### Prompt:
Using the records below, write out again exactly the lines that begin at the line containing "ultimately show ?thesis" and end at the line containing "using zero_le_one by blast", and no other lines.
[Opening Exercise data section]
definition N0 :: "(real^'n) set \<Rightarrow> real^'n \<Rightarrow> ('n \<Rightarrow> real^'n) \<Rightarrow> 'n set \<Rightarrow> 'n set" where
  "N0 C x r N = {j\<in>N. hl_inf C x (r j) = \<infinity> \<and> hl_sup C x (r j) = -\<infinity>}"

definition N1 :: "(real^'n) set \<Rightarrow> real^'n \<Rightarrow> ('n \<Rightarrow> real^'n) \<Rightarrow> 'n set \<Rightarrow> 'n set" where
  "N1 C x r N = {j\<in>N. 0 < hl_inf C x (r j) \<and> hl_inf C x (r j) < \<infinity> \<and> hl_sup C x (r j) = \<infinity>}"

definition N2 :: "(real^'n) set \<Rightarrow> real^'n \<Rightarrow> ('n \<Rightarrow> real^'n) \<Rightarrow> 'n set \<Rightarrow> 'n set" where
  "N2 C x r N = {j\<in>N. 0 < hl_inf C x (r j) \<and> hl_inf C x (r j) < \<infinity>
        \<and> hl_inf C x (r j) < hl_sup C x (r j) \<and> hl_sup C x (r j) < \<infinity>}"

definition S_kC :: "(real^'n) set \<Rightarrow> real^'n \<Rightarrow> ('n \<Rightarrow> real^'n) \<Rightarrow> 'n set \<Rightarrow> 'n \<Rightarrow> (real^'n) set" where
  "S_kC C x r N k =
     {x + u + v + w | u v w.
        u \<in> convex hull (\<Union>j\<in>N2 C x r N. {l *\<^sub>R r j | l. 0 \<le> l \<and> ereal l < hl_sup C x (r j)})
      \<and> v \<in> {l *\<^sub>R r k | l. l \<le> 0}
      \<and> w \<in> recc C}"

definition Jset :: "(real^'n) set \<Rightarrow> real^'n \<Rightarrow> ('n \<Rightarrow> real^'n) \<Rightarrow> 'n set \<Rightarrow> 'n \<Rightarrow> 'n set" where
  "Jset C x r N k = {i\<in>N. r i \<in> recc (S_kC C x r N k)}"

end

theory Submission
  imports Defs
begin

text \<open>Every w \<in> recc C lies in the kernel of A with nonnegative nonbasic coordinates, so it is
  the combination of the rays r^i weighted by its nonbasic coordinates. Suppose that
  xb + \<lambda> r^j lies in S_k^C although \<lambda> exceeds the j-th coordinate of every point of the
  convex hull part (this is the case for \<lambda> > 0 when j \<in> N0, and for \<lambda> \<ge> \<beta>_j when j \<in> N2).
  Comparing nonbasic coordinates forces the recc C part of that point to be
  w_j r^j + w_k r^k with w_j > 0. For j \<noteq> k this writes r^j as a nonnegative combination of
  recession directions of S_k^C (elements of recc C and -r^k), so j \<in> J; for j = k it puts
  r^k into recc C, contradicting \<beta>_k < \<infinity>. Below \<beta>_j the points xb + \<lambda> r^j lie in S_k^C by
  construction.\<close>

lemma is_basis_kernel_eq_0:
  fixes A :: "real^'n^'m"
  assumes "is_basis A B" "A *v d = 0" "\<forall>i. i \<notin> B \<longrightarrow> d $ i = 0"
  shows "d = 0"
proof -
  let ?c = "\<lambda>i. column i A"
  have inj: "inj_on ?c B" and ind: "independent (?c ` B)"
    using assms(1) by (auto simp: is_basis_def)
  have "(\<Sum>i\<in>B. d $ i *\<^sub>R ?c i) = (\<Sum>i\<in>UNIV. d $ i *\<^sub>R ?c i)"
    by (rule sum.mono_neutral_left) (use assms(3) in auto)
  also have "\<dots> = 0"
    using assms(2) by (simp add: matrix_mult_sum scalar_mult_eq_scaleR)
  finally have "(\<Sum>v\<in>?c ` B. d $ inv_into B ?c v *\<^sub>R v) = 0"
    by (simp add: sum.reindex[OF inj] inv_into_f_f[OF inj])
  then have "\<forall>v\<in>?c ` B. d $ inv_into B ?c v = 0"
    using ind dependent_finite[of "?c ` B"] by auto
  then have "\<forall>i\<in>B. d $ i = 0"
    by (auto simp: inv_into_f_f[OF inj])
  then show ?thesis
    using assms(3) by (metis vec_eq_iff zero_index)
qed

lemma is_basis_solvable:
  fixes A :: "real^'n^'m"
  assumes "is_basis A B"
  shows "\<exists>x. A *v x = y \<and> (\<forall>i. i \<notin> B \<longrightarrow> x $ i = 0)"
proof -
  let ?c = "\<lambda>i. column i A"
  have inj: "inj_on ?c B" and ind: "independent (?c ` B)" and "card B = CARD('m)"
    using assms by (auto simp: is_basis_def)
  then have "card (?c ` B) = DIM(real^'m)"
    by (simp add: card_image)
  then have "y \<in> span (?c ` B)"
    using card_ge_dim_independent[OF _ ind, of UNIV] by (auto simp: dim_UNIV)
  then obtain u where u: "(\<Sum>v\<in>?c ` B. u v *\<^sub>R v) = y"
    using span_finite[of "?c ` B"] by auto
  define x :: "real^'n" where "x = (\<chi> i. if i \<in> B then u (?c i) else 0)"
  have "A *v x = (\<Sum>i\<in>UNIV. x $ i *\<^sub>R ?c i)"
    by (simp add: matrix_mult_sum scalar_mult_eq_scaleR)
  also have "\<dots> = (\<Sum>i\<in>B. u (?c i) *\<^sub>R ?c i)"
    by (rule sum.mono_neutral_cong_right) (auto simp: x_def)
  also have "\<dots> = y"
    using u by (simp add: sum.reindex[OF inj])
  finally show ?thesis
    by (auto simp: x_def)
qed

lemma is_basis_unique_solution:
  fixes A :: "real^'n^'m"
  assumes "is_basis A B"
  shows "\<exists>!x. A *v x = y \<and> (\<forall>i. i \<notin> B \<longrightarrow> x $ i = 0)"
proof -
  have "x = z" if "A *v x = y \<and> (\<forall>i. i \<notin> B \<longrightarrow> x $ i = 0)"
    and "A *v z = y \<and> (\<forall>i. i \<notin> B \<longrightarrow> z $ i = 0)" for x z
    using is_basis_kernel_eq_0[OF assms, of "x - z"] that
    by (simp add: matrix_vector_mult_diff_distrib)
  then show ?thesis
    using is_basis_solvable[OF assms] by blast
qed

lemma basic_sol_spec:
  fixes A :: "real^'n^'m"
  assumes "is_basis A B"
  shows "A *v basic_sol A b B = b" and "i \<notin> B \<Longrightarrow> basic_sol A b B $ i = 0"
  using theI'[OF is_basis_unique_solution[OF assms, of b]] by (auto simp: basic_sol_def)

lemma ray_spec:
  fixes A :: "real^'n^'m"
  assumes "is_basis A B" "j \<notin> B"
  shows "A *v ray A B j = 0" and "i \<notin> B \<Longrightarrow> ray A B j $ i = (if i = j then 1 else 0)"
proof -
  obtain x where x: "A *v x = A *v axis j 1 \<and> (\<forall>i. i \<notin> B \<longrightarrow> x $ i = 0)"
    using is_basis_solvable[OF assms(1)] by blast
  let ?P = "\<lambda>r. A *v r = 0 \<and> r $ j = 1 \<and> (\<forall>k. k \<notin> B \<and> k \<noteq> j \<longrightarrow> r $ k = 0)"
  have P: "?P (axis j 1 - x)"
    using x assms(2) by (auto simp: matrix_vector_mult_diff_distrib axis_def)
  have "z = axis j 1 - x" if "?P z" for z
  proof -
    have "(z - (axis j 1 - x)) $ i = 0" if "i \<notin> B" for i
      using \<open>?P z\<close> P that by (cases "i = j") auto
    then show ?thesis
      using is_basis_kernel_eq_0[OF assms(1), of "z - (axis j 1 - x)"] \<open>?P z\<close> P
      by (simp add: matrix_vector_mult_diff_distrib)
  qed
  then have "?P (ray A B j)"
    unfolding ray_def by (rule theI[of ?P, OF P])
  then show "A *v ray A B j = 0" and "i \<notin> B \<Longrightarrow> ray A B j $ i = (if i = j then 1 else 0)"
    by auto
qed

lemma kernel_eq_sum_rays:
  fixes A :: "real^'n^'m"
  assumes "is_basis A B" "A *v w = 0"
  shows "w = (\<Sum>i\<in>UNIV - B. w $ i *\<^sub>R ray A B i)"
proof -
  let ?v = "\<Sum>i\<in>UNIV - B. w $ i *\<^sub>R ray A B i"
  have "A *v ?v = 0"
    using ray_spec(1)[OF assms(1)]
    by (simp add: linear_sum[OF matrix_vector_mul_linear] matrix_vector_mult_scaleR)
  moreover have "?v $ i = w $ i" if "i \<notin> B" for i
  proof -
    have "?v $ i = (\<Sum>l\<in>UNIV - B. if l = i then w $ l else 0)"
      unfolding sum_component by (rule sum.cong) (use that ray_spec(2)[OF assms(1)] in auto)
    then show ?thesis
      using that by simp
  qed
  ultimately show ?thesis
    using is_basis_kernel_eq_0[OF assms(1), of "w - ?v"] assms(2)
    by (simp add: matrix_vector_mult_diff_distrib)
qed

lemma recc_PB_kernel_nonneg:
  fixes A :: "real^'n^'m"
  assumes "is_basis A B" "d \<in> recc (PB A b B)"
  shows "A *v d = 0" and "i \<notin> B \<Longrightarrow> 0 \<le> d $ i"
proof -
  let ?x = "basic_sol A b B"
  have "?x \<in> PB A b B"
    using basic_sol_spec[OF assms(1)] by (simp add: PB_def)
  moreover have "\<forall>y\<in>PB A b B. \<forall>l\<ge>0. y + l *\<^sub>R d \<in> PB A b B"
    using assms(2) by (simp add: recc_def)
  ultimately have "?x + 1 *\<^sub>R d \<in> PB A b B"
    using zero_le_one by blast
  then have "A *v ?x + A *v d = b" and "i \<notin> B \<Longrightarrow> 0 \<le> ?x $ i + d $ i"
    by (simp_all add: PB_def matrix_vector_right_distrib)
  then show "A *v d = 0" and "i \<notin> B \<Longrightarrow> 0 \<le> d $ i"
    using basic_sol_spec[OF assms(1)] by simp_all
qed

lemma recc_add: "d \<in> recc K \<Longrightarrow> e \<in> recc K \<Longrightarrow> d + e \<in> recc K"
  unfolding recc_def by (simp add: scaleR_add_right flip: add.assoc)

lemma recc_scaleR: "d \<in> recc K \<Longrightarrow> 0 \<le> c \<Longrightarrow> c *\<^sub>R d \<in> recc K"
  unfolding recc_def by simp
lemma mem_cone_iff:
  "(m, l) \<in> range (cone_param m0 l0 m1 l1 m2 l2) \<longleftrightarrow>
     (\<exists>j k::int. 0 \<le> j \<and> 0 \<le> k \<and> m = m0 + j * m1 + k * m2 \<and> l = l0 + j * l1 + k * l2)"
proof
  assume "(m, l) \<in> range (cone_param m0 l0 m1 l1 m2 l2)"
  then obtain j k :: nat where "(m, l) = cone_param m0 l0 m1 l1 m2 l2 (j, k)" by auto
  then show "\<exists>j k::int. 0 \<le> j \<and> 0 \<le> k \<and> m = m0 + j * m1 + k * m2 \<and> l = l0 + j * l1 + k * l2"
    by (intro exI[of _ "int j"] exI[of _ "int k"]) (auto simp: cone_param_def)
next
  assume "\<exists>j k::int. 0 \<le> j \<and> 0 \<le> k \<and> m = m0 + j * m1 + k * m2 \<and> l = l0 + j * l1 + k * l2"
  then obtain j k :: int where "j \<ge> 0" "k \<ge> 0" "m = m0 + j * m1 + k * m2" "l = l0 + j * l1 + k * l2"
    by blast
  then show "(m, l) \<in> range (cone_param m0 l0 m1 l1 m2 l2)"
    by (intro image_eqI[of _ _ "(nat j, nat k)"]) (auto simp: cone_param_def)
qed

text \<open>The hypotheses of the next two lemmas are Presburger formulas, so concrete cone
  decompositions are decided by \<open>presburger\<close>.\<close>

lemma cone_eq_Un_cones:
  assumes "\<forall>m l::int.
      (\<exists>j k::int. 0 \<le> j \<and> 0 \<le> k \<and> m = a0 + j * a1 + k * a2 \<and> l = b0 + j * b1 + k * b2) \<longleftrightarrow>
      (\<exists>j k::int. 0 \<le> j \<and> 0 \<le> k \<and> m = c0 + j * c1 + k * c2 \<and> l = d0 + j * d1 + k * d2) \<or>
      (\<exists>j k::int. 0 \<le> j \<and> 0 \<le> k \<and> m = e0 + j * e1 + k * e2 \<and> l = f0 + j * f1 + k * f2)"
  shows "range (cone_param a0 b0 a1 b1 a2 b2) =
    range (cone_param c0 d0 c1 d1 c2 d2) \<union> range (cone_param e0 f0 e1 f1 e2 f2)"
proof (rule set_eqI)
  fix ml :: "int \<times> int"
  show "ml \<in> range (cone_param a0 b0 a1 b1 a2 b2) \<longleftrightarrow>
      ml \<in> range (cone_param c0 d0 c1 d1 c2 d2) \<union> range (cone_param e0 f0 e1 f1 e2 f2)"
    using assms by (cases ml) (simp only: Un_iff mem_cone_iff)
qed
[Closing Exercise data section]
### Written answer:
  ultimately show ?thesis
    using is_basis_kernel_eq_0[OF assms(1), of "w - ?v"] assms(2)
    by (simp add: matrix_vector_mult_diff_distrib)
qed

lemma recc_PB_kernel_nonneg:
  fixes A :: "real^'n^'m"
  assumes "is_basis A B" "d \<in> recc (PB A b B)"
  shows "A *v d = 0" and "i \<notin> B \<Longrightarrow> 0 \<le> d $ i"
proof -
  let ?x = "basic_sol A b B"
  have "?x \<in> PB A b B"
    using basic_sol_spec[OF assms(1)] by (simp add: PB_def)
  moreover have "\<forall>y\<in>PB A b B. \<forall>l\<ge>0. y + l *\<^sub>R d \<in> PB A b B"
    using assms(2) by (simp add: recc_def)
  ultimately have "?x + 1 *\<^sub>R d \<in> PB A b B"
    using zero_le_one by blast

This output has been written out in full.